## Part II: Translating DNA to protein

In this lesson, we will learn how to translate DNA to protein. We will use Biopython, a Python library made specifically for biology to do the translation.

DNA is made up of 4 nucleotides, but has to encode proteins, which are made up of 20 amino acids. 
The genetic code is the mapping between the nucleotides and the amino acids.
The genetic code is degenerate, meaning that a single amino acid can be encoded by multiple codons.
The genetic code is also universal, meaning that the same codon encodes the same amino acid in all organisms.

Imagine that DNA is like a recipe book that contains instructions for making different things in biology. These instructions are made up of smaller parts called "codons," which are like sentences made of three letters each. 

Just like in a recipe, there are certain words that tell you when to stop doing something, like "stop stirring" or "turn off the oven." In DNA, there are special codons called "stop codons" that tell the cell when to stop making a protein.

So, when a cell is reading the DNA to make a protein, it keeps going until it reaches a stop codon. When it sees this stop codon, it knows it's reached the end of the instructions, and it stops making the protein. 

Just like how "stop" signals the end of something in a recipe, stop codons signal the end of making a protein in a cell.
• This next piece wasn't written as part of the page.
(* For every $m\geq0$ the vector $c_{2m+1}\cdot v$ is a scalar multiple $\gamma_m v$ of $v$, and as formal power series in $z$, $$\sum_{m=0}^\infty \gamma_m\, z^{m}=\frac{1}{z}\left(1-\prod_{i=1}^N\frac{1-z\,\lambda_i(\lambda_i+1)}{1-z\,\lambda_i(\lambda_i-1)}\right).$$ Equivalently, $\sum_{m\ge0}\gamma_m u^{-2m-1}=u\Big(1-\prod_{i=1}^N\frac{u^2-\lambda_i(\lambda_i+1)}{u^2-\lambda_i(\lambda_i-1)}\Big)$ as formal Laurent series in $u^{-1}$.
   Context: Let $N\geq1$, $I=\{-N,\dots,-1,1,\dots,N\}$, and for $k\in I$ put $\bar k=0$ if $k>0$, $\bar k=1$ if $k<0$. The Lie superalgebra $\mathfrak{q}(N)$ over $\mathbb{C}$ is spanned by elements $F_{ij}$ ($i,j\in I$) with $F_{-i,-j}=F_{ij}$ (realized as $F_{ij}=E_{ij}+E_{-i,-j}\in\mathfrak{gl}(N|N)$), $F_{ij}$ of parity $\bar\imath+\bar\jmath\bmod 2$, and supercommutator $$[F_{ij}, F_{kl}] = \delta_{kj} F_{il} - (-1)^{(\bar{\imath}+ \bar{\jmath})(\bar{k} + \bar{l})} \delta_{il} F_{kj} + \delta_{k,-j} F_{-i,l} - (-1)^{(\bar{\imath} + \bar{\jmath})(\bar{k} + \bar{l})} \delta_{-i,l} F_{k,-j}.$$ For $n\geq1$ define $C^{(n)}_{ij}\in U(\mathfrak{q}(N))$ by $$C^{(n)}_{ij} = \sum_{k_1,\ldots,k_{n-1}\in I}F_{ik_1} (-1)^{\bar{k}_1} F_{k_1k_2} (-1)^{\bar{k}_2} \cdots F_{k_{n-2}k_{n-1}} (-1)^{\bar{k}_{n-1}} F_{k_{n-1}j}$$ (so $C^{(1)}_{ij}=F_{ij}$), and the Casimir element $c_n=\sum_{i\in I}C^{(n)}_{ii}$. Let $V$ be a representation of $\mathfrak{q}(N)$ and $v\in V$ a vector such that $F_{ij}\cdot v=0$ whenever $|i|<|j|$, and $F_{ii}\cdot v=\lambda_i v$ for $i=1,\dots,N$, where $\lambda_1,\dots,\lambda_N\in\mathbb{C}$. *)

theory Defs
  imports Main "HOL-Computational_Algebra.Formal_Power_Series"
begin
These stop codons help make sure the proteins are the right length and shape for cells to work properly.

In [20]:
# load libraries

from utils import *
from sequence_alignment_viewer import *
from build_tree import *

from Bio.Seq import Seq


In [21]:
# repeat the same steps as last lesson

seq_length = 40

seq1 = random_DNA(length=seq_length)
print("DNA sequence of our ancestor: " + seq1)
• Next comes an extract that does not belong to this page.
(* Let $(h,i)\in\mathbb D$ and let $\phi=\phi_h^{(i)}$. Then $$\chi_h^{(i)}\circ\phi=\big(\chi_{h+1}^{(2i-1)}+\chi_{h+1}^{(2i)}\big)/\sqrt2,$$ $$\chi_{h+1}^{(2i-1)}\circ\phi=\big(\sqrt2\chi_h^{(i)}+\chi_{h+1}^{(2i-1)}-\chi_{h+1}^{(2i)}\big)/2,$$ $$\chi_{h+1}^{(2i)}\circ\phi=\big(\sqrt2\chi_h^{(i)}-\chi_{h+1}^{(2i-1)}+\chi_{h+1}^{(2i)}\big)/2.$$ Moreover, $\chi_k^{(j)}\circ\phi=\chi_k^{(j+2^{k-h-2})}$ if $(k,j)\in\mathbb S_1$ and $\chi_k^{(j)}\circ\phi=\chi_k^{(j-2^{k-h-2})}$ if $(k,j)\in\mathbb S_2$. All remaining Haar functions $\chi_k^{(j)}$, $(k,j)\in\mathbb D\setminus(\{(h,i),(h+1,2i-1),(h+1,2i)\}\cup\mathbb S_1\cup\mathbb S_2)$, satisfy $\chi_k^{(j)}\circ\phi=\chi_k^{(j)}$.
   Context: Dyadic intervals: $\Delta_k^{(j)}:=[\frac{j-1}{2^k},\frac{j}{2^k})$ for $k\ge0$. Haar functions: for $k\ge1$, integer $j$, $\chi_k^{(j)}(t)=+2^{(k-1)/2}$ on $\Delta_k^{(2j-1)}$, $-2^{(k-1)/2}$ on $\Delta_k^{(2j)}$, $0$ otherwise, $t\in[0,1)$. Dyadic tree $\mathbb D:=\{(k,j):k\ge1;\ j=1,\dots,2^{k-1}\}$. For $(h,i)\in\mathbb D$, $\phi_h^{(i)}:[0,1)\to[0,1)$ is defined by $\phi_h^{(i)}(t)=t+2^{-(h+1)}$ for $t\in\Delta_{h+1}^{(4i-2)}$, $\phi_h^{(i)}(t)=t-2^{-(h+1)}$ for $t\in\Delta_{h+1}^{(4i-1)}$, and $\phi_h^{(i)}(t)=t$ otherwise (it interchanges these two intervals). Subtrees: $\mathbb S_1:=\{(k,j)\in\mathbb D:\Delta_{k-1}^{(j)}\subseteq\Delta_{h+1}^{(4i-2)}\}$ and $\mathbb S_2:=\{(k,j)\in\mathbb D:\Delta_{k-1}^{(j)}\subseteq\Delta_{h+1}^{(4i-1)}\}$. *)

theory Defs
  imports Complex_Main
begin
sequences = {'Ancestor': seq1}  
for i in range(10):
    sequences['mutant_' + str(i)] = mutate_n(seq1, 10)

p = view_alignment(sequences, language='DNA', plot_width=1000)
pn.pane.Bokeh(p)

DNA sequence of our ancestor: TCTGCGTGAGTCAAGTATCTGAATGAGTAACGACGGACAG


BokehModel(combine_events=True, render_bundle={'docs_json': {'8ec00b31-aec2-4e7a-975c-b86c1cc7d48b': {'version…

Now, we are going to translate these DNA sequences into protein sequences.

In [22]:
# translate the dictionary of DNA sequences to a dictionary of protein sequences

# create a dictionary for the protein sequences
sequences_protein = {}
# iterate over the dictionary of DNA sequences
for name, seq in sequences.items():
    # translate the sequence to protein
    bio_seq = Seq(seq)
    protein_seq = bio_seq.translate()
    # add the protein sequence to the dictionary
    sequences_protein[name] = str(protein_seq)

# view the protein sequences
p = view_alignment(sequences_protein, language='protein', plot_width=800)
pn.pane.Bokeh(p)

BokehModel(combine_events=True, render_bundle={'docs_json': {'9b945089-1924-46d2-99d6-a6cb3d316a38': {'version…

The amino acids are coloured accoring to their chemical characteristics:
- Red amino acids are 'hydrophobic', meaning they avoid water
- Blue amino acids are 'basic', meaning they can be positively charged
- Green amino acids are 'acidic', meaning they can be negatively charged
- Yellow amino acids are 'polar', meaning they don't have a charge, but can interacti with water and other polar molecules
- Pink amino acids have special qualities and may perform particularly important roles in protein structure or function
- Black '*'s are stop codons, which tell the cell's machinery to stop making the protein - any amino acids after a stop codon wouldn't actually be incorporated into the real protein

Notice that some of the amino acids have changed to another one of the same colour. This is because biology uses codons that, if mutated, are more likely to change to one for a similar amino acid than a dissimilar one.